_WORK ITEM_
Output the data word for word. Begin at its first line and end at the line with "r *\<^sub>R w) \<le> a".

_RECORDS SHOWN_
lemma norm_scaleR_add_le:
  fixes v w :: "'a::real_normed_vector"
  assumes "0 \<le> a" "a \<le> t" "0 \<le> r" "r \<le> t"
  shows "norm (a *\<^sub>R v + r *\<^sub>R w) \<le> t * (norm v + norm w)"
proof -
  have "norm (a *\<^sub>R v + r *\<^sub>R w) \<le> a * norm v + r * norm w"
    using norm_triangle_ineq[of "a *\<^sub>R v" "r *\<^sub>R w"] assms by simp
  also have "\<dots> \<le> t * (norm v + norm w)"
    using assms by (simp add: distrib_left add_mono mult_right_mono)
  finally show ?thesis .
qed

lemma eventually_at_right_box_in_open:
  fixes s :: "'a::real_normed_vector"
  assumes "open U" "s \<in> U"
  shows "\<forall>\<^sub>F t in at_right 0. \<forall>a r. 0 \<le> a \<and> a \<le> t \<and> 0 \<le> r \<and> r \<le> t
           \<longrightarrow> s + a *\<^sub>R v + r *\<^sub>R w \<in> U"
proof -
  obtain d where "d > 0" and "ball s d \<subseteq> U"
    using assms open_contains_ball by blast
  define M where "M = norm v + norm w + 1"
  have "M > 0" unfolding M_def by (simp add: add_nonneg_pos)
  have "s + a *\<^sub>R v + r *\<^sub>R w \<in> U"
    if "0 < t" "t < d / M" "0 \<le> a" "a \<le> t" "0 \<le> r" "r \<le> t" for t a r
  proof -
    have "norm (a *\<^sub>R v + r *\<^sub>R w) \<le> t * M"
      using norm_scaleR_add_le[OF that(3-6), of v w] \<open>0 < t\<close> by (simp add: M_def distrib_left)
    also have "\<dots> < d"
      using that(2) \<open>M > 0\<close> by (simp add: pos_less_divide_eq)
    finally have "s + a *\<^sub>R v + r *\<^sub>R w \<in> ball s d"
      using dist_add_cancel[of s 0 "a *\<^sub>R v + r *\<^sub>R w"] by (simp add: add.assoc)
    then show ?thesis
      using \<open>ball s d \<subseteq> U\<close> by blast
  qed
  then show ?thesis
    unfolding eventually_at_right_field using \<open>d > 0\<close> \<open>M > 0\<close>
    by (intro exI[of _ "d / M"]) auto
qed

lemma eventually_at_right_increment_bound:
  fixes g :: "'a::real_normed_vector \<Rightarrow> real"
  assumes D: "(g has_derivative D) (at s)" and "e > 0"
  shows "\<forall>\<^sub>F t in at_right 0. \<forall>r. 0 \<le> r \<and> r \<le> t
           \<longrightarrow> \<bar>g (s + t *\<^sub>R v + r *\<^sub>R w) - g (s + r *\<^sub>R w) - t * D v\<bar> \<le> e * t"
proof -
  define M where "M = norm v + norm w + 1"
  have "M > 0" unfolding M_def by (simp add: add_nonneg_pos)
  have "e / (2 * M) > 0"
    using \<open>e > 0\<close> \<open>M > 0\<close> by simp
  then obtain d where "d > 0" and d: "\<And>y. norm (y - s) < d \<Longrightarrow>
      \<bar>g y - g s - D (y - s)\<bar> \<le> e / (2 * M) * norm (y - s)"
    using D unfolding has_derivative_at_alt real_norm_def by blast
  have remainder: "\<bar>g y - g s - D (y - s)\<bar> \<le> e * t / 2"
    if "norm (y - s) \<le> t * M" "t < d / M" for t y
  proof -
    have "t * M < d"
      using that(2) \<open>M > 0\<close> by (simp add: pos_less_divide_eq)
    then have "\<bar>g y - g s - D (y - s)\<bar> \<le> e / (2 * M) * norm (y - s)"
      using d that(1) by simp
    also have "\<dots> \<le> e / (2 * M) * (t * M)"
      using that(1) \<open>e / (2 * M) > 0\<close> by (intro mult_left_mono) auto
    also have "\<dots> = e * t / 2"
      using \<open>M > 0\<close> by (simp add: field_simps)
    finally show ?thesis .
  qed
  have "\<bar>g (s + t *\<^sub>R v + r *\<^sub>R w) - g (s + r *\<^sub>R w) - t * D v\<bar> \<le> e * t"
    if "0 < t" "t < d / M" "0 \<le> r" "r \<le> t" for t r
  proof -
    have near: "norm (a *\<^sub>R v + r *\<^sub>R w) \<le> t * M" if "0 \<le> a" "a \<le> t" for a
      using norm_scaleR_add_le[OF that \<open>0 \<le> r\<close> \<open>r \<le> t\<close>, of v w] \<open>0 < t\<close>
      by (simp add: M_def distrib_left)
    have "\<bar>g (s + t *\<^sub>R v + r *\<^sub>R w) - g s - D (t *\<^sub>R v + r *\<^sub>R w)\<bar> \<le> e * t / 2"
      using remainder[OF _ \<open>t < d / M\<close>, of "s + t *\<^sub>R v + r *\<^sub>R w"] near[of t] \<open>0 < t\<close>
      by (simp add: add.assoc)
    moreover have "\<bar>g (s + r *\<^sub>R w) - g s - D (r *\<^sub>R w)\<bar> \<le> e * t / 2"
      using remainder[OF _ \<open>t < d / M\<close>, of "s + r *\<^sub>R w"] near[of 0] \<open>0 < t\<close> by simp
    moreover have "D (t *\<^sub>R v + r *\<^sub>R w) = t * D v + D (r *\<^sub>R w)"
      using has_derivative_linear[OF D] by (simp add: linear_add linear_cmul)
    ultimately show ?thesis by (simp only: abs_le_iff) linarith
  qed
  then show ?thesis
    unfolding eventually_at_right_field using \<open>d > 0\<close> \<open>M > 0\<close>
    by (intro exI[of _ "d / M"]) auto
qed
definition idx :: "'g \<Rightarrow> 'g \<Rightarrow> nat \<Rightarrow> 'g" where
  "idx e f = (SOME h. bij_betw h {0..<N e f} (hom e f))"

definition idx_inv :: "'g \<Rightarrow> 'g \<Rightarrow> 'g \<Rightarrow> nat" where
  "idx_inv e f = inv_into {0..<N e f} (idx e f)"

lemma idx_bij: "bij_betw (idx e f) {0..<N e f} (hom e f)"
proof -
  have "\<exists>h. bij_betw h {0..<N e f} (hom e f)"
    unfolding nsize_def using ex_bij_betw_nat_finite[OF hom_finite] .
  then show ?thesis unfolding idx_def by (rule someI_ex)
qed

lemma idx_in: "i < N e f \<Longrightarrow> idx e f i \<in> hom e f"
  using idx_bij bij_betwE by fastforce
lemma idx_inv_less: "a \<in> hom e f \<Longrightarrow> idx_inv e f a < N e f"
  unfolding idx_inv_def using idx_bij bij_betw_inv_into bij_betwE by fastforce
lemma idx_idx_inv: "a \<in> hom e f \<Longrightarrow> idx e f (idx_inv e f a) = a"
  unfolding idx_inv_def using idx_bij bij_betw_inv_into_right by fastforce
lemma idx_inv_idx: "i < N e f \<Longrightarrow> idx_inv e f (idx e f i) = i"
  unfolding idx_inv_def using idx_bij bij_betw_inv_into_left by fastforce

text \<open>The isomorphism \<open>B_0 \<rightarrow> \<Oplus> M\<^sub>n\<^sub>e\<^sub>f(E_e)\<close> takes matrix coordinates blockwise, with the first
  element of each block as base point; \<open>of_matrix\<close> is its inverse.\<close>
definition to_matrix :: "('g \<Rightarrow> 'g \<Rightarrow> 'r) \<Rightarrow> 'g \<Rightarrow> 'g \<Rightarrow> nat \<Rightarrow> nat \<Rightarrow> 'r" where
  "to_matrix X = (\<lambda>e f i j. if (e, f) \<in> MI \<and> i < N e f \<and> j < N e f
     then mat_coord (idx e f 0) X (idx e f i) (idx e f j) else 0)"

definition of_matrix :: "('g \<Rightarrow> 'g \<Rightarrow> nat \<Rightarrow> nat \<Rightarrow> 'r) \<Rightarrow> 'g \<Rightarrow> 'g \<Rightarrow> 'r" where
  "of_matrix M = (\<lambda>l g. if B0_supp l g
     then \<beta> (gi (mult (idx (r l) (d l) 0) (gi (mult g l))))
            (M (r l) (d l) (idx_inv (r l) (d l) (mult g l)) (idx_inv (r l) (d l) l))
     else 0)"

text \<open>A support position \<open>(l, g)\<close> of \<open>B_0\<close> corresponds to the pair \<open>(g l, l)\<close> of the block of \<open>l\<close>.\<close>
lemma B0_supp_block:
  assumes "B0_supp l g"
  shows "(r l, d l) \<in> MI" "l \<in> hom (r l) (d l)" "mult g l \<in> hom (r l) (d l)"
    and "mult (mult g l) (gi l) = g"
proof -
  have l: "l \<in> G" and g: "g \<in> G" "d g = r l" "r g = r l"
    using assms unfolding B0_supp_def by auto
  then show "l \<in> hom (r l) (d l)" "mult g l \<in> hom (r l) (d l)"
    unfolding hom_iff by simp_all
  then show "(r l, d l) \<in> MI" using l unfolding MI_iff by auto
  show "mult (mult g l) (gi l) = g" using mult_mult_inv[OF g(1) l g(2)] .
qed

lemma block_members:
  assumes "(e, f) \<in> MI \<and> i < N e f \<and> j < N e f"
  shows "idx e f 0 \<in> hom e f" "idx e f i \<in> hom e f" "idx e f j \<in> hom e f"
  using assms MI_pos idx_in by auto

lemma to_matrix_outside:
  "\<not> ((e, f) \<in> MI \<and> i < N e f \<and> j < N e f) \<Longrightarrow> to_matrix X e f i j = 0"
  unfolding to_matrix_def by auto

lemma to_matrix_mem:
  assumes X: "X \<in> B0"
  shows "to_matrix X \<in> mat_carrier G mult gi E"
  unfolding mat_carrier_iff
proof (intro allI)
  fix e f i j
  show "if (e, f) \<in> MI \<and> i < N e f \<and> j < N e f
        then to_matrix X e f i j \<in> E e else to_matrix X e f i j = 0"
  proof (cases "(e, f) \<in> MI \<and> i < N e f \<and> j < N e f")
    case True
    then show ?thesis using mat_coord_mem[OF X block_members[OF True]] unfolding to_matrix_def by simp
  next
    case False
    then show ?thesis unfolding if_not_P[OF False] by (rule to_matrix_outside)
  qed
qed

lemma of_matrix_mem:
  assumes M: "M \<in> mat_carrier G mult gi E"
  shows "of_matrix M \<in> B0"
  unfolding B0_iff
proof (intro allI)
  fix l g
  show "if B0_supp l g then of_matrix M l g \<in> E (r l) else of_matrix M l g = 0"
  proof (cases "B0_supp l g")
    case True
    let ?e = "r l" and ?f = "d l"
    let ?u = "mult (idx ?e ?f 0) (gi (mult g l))"
    note block = B0_supp_block[OF True]
    have u: "?u \<in> G" "d ?u = ?e" "r ?u = ?e"
      using hom_loop[OF idx_in[OF MI_pos[OF block(1)]] block(3)] .
    have "M ?e ?f (idx_inv ?e ?f (mult g l)) (idx_inv ?e ?f l) \<in> E ?e"
      using M block idx_inv_less unfolding mat_carrier_iff by meson
    then show ?thesis
      using True u beta_mem[of "gi ?u"] unfolding of_matrix_def by simp
  qed (simp add: of_matrix_def)
qed

lemma of_to_matrix:
  assumes X: "X \<in> B0"
  shows "of_matrix (to_matrix X) = X"
proof (intro ext)
  fix l g
  show "of_matrix (to_matrix X) l g = X l g"
  proof (cases "B0_supp l g")
    case True
    let ?e = "r l" and ?f = "d l"
    let ?u = "mult (idx ?e ?f 0) (gi (mult g l))"
    note block = B0_supp_block[OF True]
    have u: "?u \<in> G" "d ?u = ?e" using hom_loop[OF idx_in[OF MI_pos[OF block(1)]] block(3)] by auto
    have "to_matrix X ?e ?f (idx_inv ?e ?f (mult g l)) (idx_inv ?e ?f l) = \<beta> ?u (X l g)"
      unfolding to_matrix_def mat_coord_def
      using block idx_inv_less idx_idx_inv by simp
    then show ?thesis
      using True u B0_mem[OF X True] beta_inv_left unfolding of_matrix_def by simp
  qed (simp add: of_matrix_def B0_zero[OF X])
qed

lemma to_of_matrix:
  assumes M: "M \<in> mat_carrier G mult gi E"
  shows "to_matrix (of_matrix M) = M"
proof (intro ext)
  fix e f i j
  show "to_matrix (of_matrix M) e f i j = M e f i j"
  proof (cases "(e, f) \<in> MI \<and> i < N e f \<and> j < N e f")
    case True
    then have ef: "(e, f) \<in> MI" and i: "i < N e f" and j: "j < N e f" by auto
    let ?a = "idx e f i" and ?b = "idx e f j"
    let ?u = "mult (idx e f 0) (gi ?a)"
    have a: "?a \<in> hom e f" and b: "?b \<in> hom e f" using idx_in i j by auto
    have u: "?u \<in> G" "r ?u = e" using hom_loop[OF idx_in[OF MI_pos[OF ef]] a] by auto
    have "of_matrix M ?b (mult ?a (gi ?b)) = \<beta> (gi ?u) (M e f i j)"
      unfolding of_matrix_def
      using hom_B0_supp[OF a b] b idx_inv_idx[OF i] idx_inv_idx[OF j] unfolding hom_iff by simp
    moreover have "M e f i j \<in> E (r ?u)" using M True u unfolding mat_carrier_iff by metis
    ultimately show ?thesis
      using True u beta_inv_right unfolding to_matrix_def mat_coord_def by simp
  next
    case False
    then show ?thesis using M unfolding to_matrix_def mat_carrier_iff by metis
  qed
qed

lemma to_matrix_bij: "bij_betw to_matrix B0 (mat_carrier G mult gi E)"
  by (rule bij_betw_byWitness[where f' = of_matrix])
    (auto simp: of_to_matrix to_of_matrix to_matrix_mem of_matrix_mem)

lemma to_matrix_add:
  assumes X: "X \<in> B0" and Y: "Y \<in> B0"
  shows "to_matrix (\<lambda>h g. X h g + Y h g) = (\<lambda>e f i j. to_matrix X e f i j + to_matrix Y e f i j)"
proof (intro ext)
  fix e f i j
  show "to_matrix (\<lambda>h g. X h g + Y h g) e f i j = to_matrix X e f i j + to_matrix Y e f i j"
  proof (cases "(e, f) \<in> MI \<and> i < N e f \<and> j < N e f")
    case True
    then show ?thesis using mat_coord_add[OF X Y block_members[OF True]] unfolding to_matrix_def by simp
  qed (simp add: to_matrix_outside)
qed

lemma to_matrix_smul:
  assumes X: "X \<in> B0"
  shows "to_matrix (\<lambda>h g. smul c (X h g)) = (\<lambda>e f i j. smul c (to_matrix X e f i j))"
proof (intro ext)
  fix e f i j
  show "to_matrix (\<lambda>h g. smul c (X h g)) e f i j = smul c (to_matrix X e f i j)"
  proof (cases "(e, f) \<in> MI \<and> i < N e f \<and> j < N e f")
    case True
    then show ?thesis using mat_coord_smul[OF X block_members[OF True]] unfolding to_matrix_def by simp
  qed (simp add: to_matrix_outside)
qed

_REPLY_
lemma norm_scaleR_add_le:
  fixes v w :: "'a::real_normed_vector"
  assumes "0 \<le> a" "a \<le> t" "0 \<le> r" "r \<le> t"
  shows "norm (a *\<^sub>R v + r *\<^sub>R w) \<le> t * (norm v + norm w)"
proof -
  have "norm (a *\<^sub>R v + r *\<^sub>R w) \<le> a * norm v + r * norm w"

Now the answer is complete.